In Week 27 we added 9,800 lane‑recovery examples (from left lane back to right lane) to the training set. The goal was to teach the ego‑vehicle to consistently stay in the right lane. However, the agent still drove over the lane dividing line rather than fully recovering to the right lane. The effect of tangent‑based steering preprocessing remained inconclusive due to the dominant behavioural flaw.

Key lesson: Adding recovery examples from the left lane is insufficient when the vehicle’s most common failure mode is driving on the lane divider, not fully in the left lane.

2. Scaling the Dataset – From 41k to 103k Samples

Following the Week 27 observations, we hypothesised that a larger and more balanced dataset might solve the lane‑divider behaviour. Therefore, we expanded the training set from 41,000 to 103,000 samples by:

Recording additional driving segments in rural areas of Town 12 (unstructured roads, varying lighting).
Applying oversampling to underrepresented steering angles (especially moderate positive steering for right‑lane recovery).
Including both straight driving and gentle curves to maintain a natural steering distribution.

The expanded dataset was used to retrain the PilotNet architecture exactly as in previous weeks.

Unexpected result

Contrary to our expectations, the larger dataset did not improve right‑lane keeping in either urban (Towns 01–03) or rural (Town 12) environments. Worse, the vehicle developed a tendency toward mild, sporadic oscillations (gentle left‑right movements) even on straight segments.

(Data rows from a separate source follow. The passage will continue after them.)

(* Let $n,m\in\mathbb{N}$ and let $(\boldsymbol{d},\boldsymbol{k})$, with $\boldsymbol{d}=(d_1,\dots,d_n)$ and $\boldsymbol{k}=(k_1,\dots,k_m)$ nonnegative integer sequences, be a bipartite degree sequence for the bipartition $X=\{x_1,\dots,x_n\}$, $Y=\{y_1,\dots,y_m\}$. Suppose $g,h\in[n]$ satisfy $d_g\geq d_h+2$, and define $\boldsymbol{d}'$ by $d'_g=d_g-1$, $d'_h=d_h+1$ and $d'_i=d_i$ for $i\in[n]\setminus\{g,h\}$. Then \[|\mathcal{B}(\boldsymbol{d},\boldsymbol{k})|\leq|\mathcal{B}(\boldsymbol{d}',\boldsymbol{k})|.\]
   Context: $\mathcal{B}(\boldsymbol{d},\boldsymbol{k})$ denotes the set of all simple bipartite graphs $B$ with the fixed bipartition $X,Y$ (edges only between $X$ and $Y$) such that $\deg_B(x_i)=d_i$ for all $i\in[n]$ and $\deg_B(y_j)=k_j$ for all $j\in[m]$. *)

theory Defs
  imports Main
begin

text \<open>X = {x_0,...,x_{n-1}} and Y = {y_0,...,y_{m-1}} are indexed by {0..<n} and {0..<m}.
A simple bipartite graph with this fixed bipartition is a set of pairs (i,j), meaning
the edge x_i y_j.  Degree sequences are functions nat => nat, only values below n resp. m matter.\<close>

definition bip_graphs :: "nat \<Rightarrow> nat \<Rightarrow> (nat \<Rightarrow> nat) \<Rightarrow> (nat \<Rightarrow> nat) \<Rightarrow> (nat \<times> nat) set set" where
  "bip_graphs n m d k =
     {E. E \<subseteq> {0..<n} \<times> {0..<m}
         \<and> (\<forall>i<n. card {j. (i, j) \<in> E} = d i)
         \<and> (\<forall>j<m. card {i. (i, j) \<in> E} = k j)}"

definition is_bip_degree_seq :: "nat \<Rightarrow> nat \<Rightarrow> (nat \<Rightarrow> nat) \<Rightarrow> (nat \<Rightarrow> nat) \<Rightarrow> bool" where
  "is_bip_degree_seq n m d k \<longleftrightarrow> bip_graphs n m d k \<noteq> {}"

end

(* Split both sets into fibres according to the frame of a graph: its edges outside the rows
   of g and h, the common neighbourhood I of g and h, and the set D of columns adjacent to
   exactly one of them.  Redistributing D between the two rows changes no column degree, so
   within a fibre a graph with row degrees d is a choice of the (d g - |I|)-subset of D adjacent
   to g, and one with row degrees d' a choice of a (d g - |I| - 1)-subset.  As
   |D| = (d g - |I|) + (d h - |I|) \<le> 2 (d g - |I| - 1), the binomial coefficient can only grow. *)
theory Submission
  imports Defs "HOL.Binomial_Plus"
begin

definition row :: "(nat \<times> nat) set \<Rightarrow> nat \<Rightarrow> nat set" where
  "row E i = {j. (i, j) \<in> E}"

definition with_rows :: "nat \<Rightarrow> nat \<Rightarrow> (nat \<times> nat) set \<Rightarrow> nat set \<Rightarrow> nat set \<Rightarrow> (nat \<times> nat) set" where
  "with_rows g h R A B = R \<union> {g} \<times> A \<union> {h} \<times> B"

definition frame :: "nat \<Rightarrow> nat \<Rightarrow> (nat \<times> nat) set \<Rightarrow> (nat \<times> nat) set \<times> nat set \<times> nat set" where
  "frame g h E = (E - {g, h} \<times> UNIV, row E g \<inter> row E h, (row E g - row E h) \<union> (row E h - row E g))"

lemma card_le_card_if_fibres_le:
  assumes "finite A" "finite B"
    and "\<And>a. a \<in> A \<Longrightarrow> card {x \<in> A. f x = f a} \<le> card {y \<in> B. f' y = f a}"
  shows "card A \<le> card B"
proof -
  have "card A = card (\<Union>c\<in>f ` A. {x \<in> A. f x = c})"
    by (rule arg_cong[where f = card]) blast
  also have "\<dots> = (\<Sum>c\<in>f ` A. card {x \<in> A. f x = c})"
    by (rule card_UN_disjoint) (use assms(1) in auto)
  also have "\<dots> \<le> (\<Sum>c\<in>f ` A. card {y \<in> B. f' y = c})"
    by (rule sum_mono) (use assms(3) in auto)
  also have "\<dots> = card (\<Union>c\<in>f ` A. {y \<in> B. f' y = c})"
    by (rule card_UN_disjoint [symmetric]) (use assms in auto)
  also have "\<dots> \<le> card B"
    by (rule card_mono) (use assms(2) in auto)
  finally show ?thesis .
qed

lemma binomial_Suc_le:
  fixes n k :: nat
  assumes "n \<le> 2 * k"
  shows "n choose Suc k \<le> n choose k"
proof (cases "Suc k \<le> n")
  case True
  then show ?thesis using assms by (intro binomial_antimono) auto
qed (simp add: binomial_eq_0)

lemma card_eq_if_Diff_eq_and_card_Int_eq:
  assumes "finite X" "finite Y" "X - C = Y - C" "card (X \<inter> C) = card (Y \<inter> C)"
  shows "card X = card Y"
  using card_Int_Diff[OF assms(1), of C] card_Int_Diff[OF assms(2), of C] assms(3,4) by simp

lemma finite_bip_graphs: "finite (bip_graphs n m d k)"
  by (rule finite_subset[of _ "Pow ({0..<n} \<times> {0..<m})"]) (auto simp: bip_graphs_def)

lemma row_subset_if_bip_graph: "E \<in> bip_graphs n m d k \<Longrightarrow> row E i \<subseteq> {0..<m}"
  by (auto simp: bip_graphs_def row_def)

lemma card_row_if_bip_graph: "E \<in> bip_graphs n m d k \<Longrightarrow> i < n \<Longrightarrow> card (row E i) = d i"
  by (simp add: bip_graphs_def row_def)

lemma with_rows_frame:
  assumes "frame g h E = (R, I, D)"
  shows "E = with_rows g h R (I \<union> (row E g - row E h)) (I \<union> (D - (row E g - row E h)))"
  using assms unfolding frame_def with_rows_def row_def by auto

lemma frame_with_rows:
  assumes "g \<noteq> h" "R \<inter> {g, h} \<times> UNIV = {}" "I \<inter> D = {}" "S \<subseteq> D"
  shows "frame g h (with_rows g h R (I \<union> S) (I \<union> (D - S))) = (R, I, D)"
  using assms unfolding frame_def with_rows_def row_def by auto

lemma with_rows_in_bip_graphs:
  assumes E: "E \<in> bip_graphs n m d k" and "g < n" "h < n" "g \<noteq> h"
    and AB: "A \<union> B = row E g \<union> row E h" "A \<inter> B = row E g \<inter> row E h"
  shows "with_rows g h (E - {g, h} \<times> UNIV) A B \<in> bip_graphs n m (d(g := card A, h := card B)) k"
    (is "?E' \<in> _")
proof -
  have "A \<subseteq> {0..<m}" "B \<subseteq> {0..<m}"
    using AB(1) row_subset_if_bip_graph[OF E] by blast+
  then have sub: "?E' \<subseteq> {0..<n} \<times> {0..<m}"
    using E \<open>g < n\<close> \<open>h < n\<close> by (auto simp: bip_graphs_def with_rows_def)
  have "card {j. (i, j) \<in> ?E'} = (d(g := card A, h := card B)) i" if "i < n" for i
    using card_row_if_bip_graph[OF E that] \<open>g \<noteq> h\<close>
    by (auto simp: with_rows_def row_def)
  moreover have "card {i. (i, j) \<in> ?E'} = k j" if "j < m" for j
  proof -
    have "card {i. (i, j) \<in> ?E'} = card {i. (i, j) \<in> E}"
    proof (rule card_eq_if_Diff_eq_and_card_Int_eq[where C = "{g, h}"])
      show "finite {i. (i, j) \<in> ?E'}" "finite {i. (i, j) \<in> E}"
        using sub E by (auto simp: bip_graphs_def intro: finite_subset[of _ "{0..<n}"])
      show "{i. (i, j) \<in> ?E'} - {g, h} = {i. (i, j) \<in> E} - {g, h}"
        by (auto simp: with_rows_def)
      show "card ({i. (i, j) \<in> ?E'} \<inter> {g, h}) = card ({i. (i, j) \<in> E} \<inter> {g, h})"
        using AB \<open>g \<noteq> h\<close> unfolding row_def with_rows_def
        by (cases "j \<in> A"; cases "j \<in> B"; cases "(g, j) \<in> E"; cases "(h, j) \<in> E")
           (auto simp: Int_insert_left card_insert_if)
    qed
    with E that show ?thesis by (simp add: bip_graphs_def)
  qed
  ultimately show ?thesis using sub by (simp add: bip_graphs_def)
qed

lemma card_frame:
  assumes E: "E \<in> bip_graphs n m d k" and "g < n" "h < n" and fr: "frame g h E = (R, I, D)"
  shows "finite D" "card I \<le> d h" "card D + 2 * card I = d g + d h"
proof -
  have fin: "finite (row E g)" "finite (row E h)"
    using row_subset_if_bip_graph[OF E] by (auto intro: finite_subset)
  have I: "I = row E g \<inter> row E h" and D: "D = (row E g \<union> row E h) - I"
    using fr by (auto simp: frame_def)
  show "finite D" using fin D by simp
  show "card I \<le> d h"
    using card_mono[OF fin(2), of I] card_row_if_bip_graph[OF E \<open>h < n\<close>] I by auto
  have "card D = card (row E g \<union> row E h) - card I"
    using D I fin card_Diff_subset[of I "row E g \<union> row E h"] by auto
  moreover have "card I \<le> card (row E g \<union> row E h)"
    using I fin by (intro card_mono) auto
  ultimately show "card D + 2 * card I = d g + d h"
    using card_Un_Int[OF fin] I card_row_if_bip_graph[OF E] \<open>g < n\<close> \<open>h < n\<close> by simp
qed

lemma card_bip_graphs_frame_le:
  assumes "g < n" "finite D"
  shows "card {E \<in> bip_graphs n m d k. frame g h E = (R, I, D)} \<le> card D choose (d g - card I)"
proof -
  let ?P = "{S. S \<subseteq> D \<and> card S = d g - card I}"
  have "{E \<in> bip_graphs n m d k. frame g h E = (R, I, D)}
        \<subseteq> (\<lambda>S. with_rows g h R (I \<union> S) (I \<union> (D - S))) ` ?P"
  proof
    fix E assume "E \<in> {E \<in> bip_graphs n m d k. frame g h E = (R, I, D)}"
    then have E: "E \<in> bip_graphs n m d k" and fr: "frame g h E = (R, I, D)" by auto
    let ?S = "row E g - row E h"
    have Ng: "row E g = I \<union> ?S" "I \<inter> ?S = {}" "?S \<subseteq> D" using fr by (auto simp: frame_def)
    have "finite (row E g)" using row_subset_if_bip_graph[OF E] by (auto intro: finite_subset)
    then have "finite I" "finite ?S" using Ng(1) by (metis finite_Un)+
    then have "card ?S = d g - card I"
      using Ng card_row_if_bip_graph[OF E \<open>g < n\<close>] card_Un_disjoint[of I ?S] by simp
    then have "?S \<in> ?P" using \<open>?S \<subseteq> D\<close> by simp
    then show "E \<in> (\<lambda>S. with_rows g h R (I \<union> S) (I \<union> (D - S))) ` ?P"
      using with_rows_frame[OF fr] by blast
  qed
  then have "card {E \<in> bip_graphs n m d k. frame g h E = (R, I, D)}
             \<le> card ((\<lambda>S. with_rows g h R (I \<union> S) (I \<union> (D - S))) ` ?P)"
    using \<open>finite D\<close> by (intro card_mono) auto
  also have "\<dots> \<le> card ?P"
    using \<open>finite D\<close> by (intro card_image_le) auto
  also have "card ?P = card D choose (d g - card I)"
    using n_subsets[OF \<open>finite D\<close>] by simp
  finally show ?thesis .
qed

lemma card_bip_graphs_frame_ge:
  assumes E: "E \<in> bip_graphs n m d k" and "g < n" "h < n" "g \<noteq> h"
    and fr: "frame g h E = (R, I, D)" and "s \<le> card D"
  shows "card D choose s
    \<le> card {E' \<in> bip_graphs n m (d(g := card I + s, h := card I + (card D - s))) k.
             frame g h E' = (R, I, D)}"
proof -
  let ?P = "{S. S \<subseteq> D \<and> card S = s}"
  let ?F = "\<lambda>S. with_rows g h R (I \<union> S) (I \<union> (D - S))"
  have R: "R = E - {g, h} \<times> UNIV" and ID: "I \<inter> D = {}"
    and rows: "I \<union> D = row E g \<union> row E h" "I = row E g \<inter> row E h"
    using fr by (auto simp: frame_def)
  have finD: "finite D" and finI: "finite I"
    using row_subset_if_bip_graph[OF E] fr by (auto simp: frame_def intro: finite_subset)
  have inj: "inj_on ?F ?P"
  proof (rule inj_onI)
    fix S1 S2 assume "S1 \<in> ?P" "S2 \<in> ?P" and "?F S1 = ?F S2"
    then have "row (?F S1) g = row (?F S2) g" by simp
    moreover have "row (?F S) g = I \<union> S" for S
      using R \<open>g \<noteq> h\<close> by (auto simp: row_def with_rows_def)
    ultimately show "S1 = S2" using ID \<open>S1 \<in> ?P\<close> \<open>S2 \<in> ?P\<close> by blast
  qed
  have image: "?F ` ?P \<subseteq> {E' \<in> bip_graphs n m (d(g := card I + s, h := card I + (card D - s))) k.
             frame g h E' = (R, I, D)}"
  proof (rule image_subsetI)
    fix S assume "S \<in> ?P"
    then have S: "S \<subseteq> D" "card S = s" by auto
    have "finite S" "I \<inter> S = {}" "I \<inter> (D - S) = {}" using S ID finite_subset[OF S(1) finD] by auto
    then have "card (I \<union> S) = card I + s" "card (I \<union> (D - S)) = card I + (card D - s)"
      using S finD finI by (simp_all add: card_Un_disjoint card_Diff_subset)
    moreover have "(I \<union> S) \<union> (I \<union> (D - S)) = row E g \<union> row E h"
      "(I \<union> S) \<inter> (I \<union> (D - S)) = row E g \<inter> row E h"
      using rows S ID by auto
    ultimately have "?F S \<in> bip_graphs n m (d(g := card I + s, h := card I + (card D - s))) k"
      using with_rows_in_bip_graphs[OF E \<open>g < n\<close> \<open>h < n\<close> \<open>g \<noteq> h\<close>] R by metis
    moreover have "frame g h (?F S) = (R, I, D)"
      using frame_with_rows[OF \<open>g \<noteq> h\<close> _ ID S(1)] R by blast
    ultimately show "?F S \<in> {E' \<in> bip_graphs n m (d(g := card I + s, h := card I + (card D - s))) k.
             frame g h E' = (R, I, D)}" by simp
  qed
  have "card ?P = card (?F ` ?P)" using inj by (rule card_image [symmetric])
  also have "\<dots> \<le> card {E' \<in> bip_graphs n m (d(g := card I + s, h := card I + (card D - s))) k.
             frame g h E' = (R, I, D)}"
    using image finite_bip_graphs by (intro card_mono) auto
  finally show ?thesis using n_subsets[OF finD] by simp
qed

theorem proposition4p3:
  fixes n m g h :: nat and d k :: "nat \<Rightarrow> nat"
  assumes "is_bip_degree_seq n m d k"
    and "g < n" and "h < n"
    and "d g \<ge> d h + 2"
  shows "card (bip_graphs n m d k)
         \<le> card (bip_graphs n m ((d(g := d g - 1))(h := d h + 1)) k)"
proof (rule card_le_card_if_fibres_le[OF finite_bip_graphs finite_bip_graphs])
  fix E assume E: "E \<in> bip_graphs n m d k"
  have "g \<noteq> h" using assms(4) by auto
  obtain R I D where fr: "frame g h E = (R, I, D)" by (metis prod_cases3)
  note sizes = card_frame[OF E \<open>g < n\<close> \<open>h < n\<close> fr]
  define s where "s = d g - card I - 1"
  have "card {E \<in> bip_graphs n m d k. frame g h E = (R, I, D)} \<le> card D choose Suc s"
    using card_bip_graphs_frame_le[OF \<open>g < n\<close> sizes(1)] sizes(2) assms(4)
    by (simp add: s_def Suc_diff_Suc)
  also have "\<dots> \<le> card D choose s"
    using sizes assms(4) by (intro binomial_Suc_le) (simp add: s_def)
  also have "\<dots> \<le> card {E' \<in> bip_graphs n m (d(g := card I + s, h := card I + (card D - s))) k.
                         frame g h E' = (R, I, D)}"
    using sizes assms(4) by (intro card_bip_graphs_frame_ge[OF E \<open>g < n\<close> \<open>h < n\<close> \<open>g \<noteq> h\<close> fr])
      (simp add: s_def)
  finally have "card {E \<in> bip_graphs n m d k. frame g h E = (R, I, D)}
    \<le> card {E' \<in> bip_graphs n m (d(g := card I + s, h := card I + (card D - s))) k.
             frame g h E' = (R, I, D)}" .
  moreover have "card I + s = d g - 1" "card I + (card D - s) = d h + 1"
    using sizes assms(4) by (simp_all add: s_def)
  ultimately show "card {x \<in> bip_graphs n m d k. frame g h x = frame g h E}
      \<le> card {y \<in> bip_graphs n m ((d(g := d g - 1))(h := d h + 1)) k. frame g h y = frame g h E}"
    using fr by simp
qed

end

Diagnosis: The oversampling of direct driving examples (low steering angles) inadvertently created a severe imbalance. Although we added recovery samples, the proportion of straight‑driving examples became overwhelming (≈85% of the dataset). Consequently, the model learned to “play safe” by outputting near‑zero steering most of the time, but when a small perturbation occurred, it lacked strong corrective examples and began oscillating.

This is a classic symptom of a dataset dominated by the mean steering value (close to 0) with insufficient representation of moderate and extreme steering actions needed to correct from off‑centre positions.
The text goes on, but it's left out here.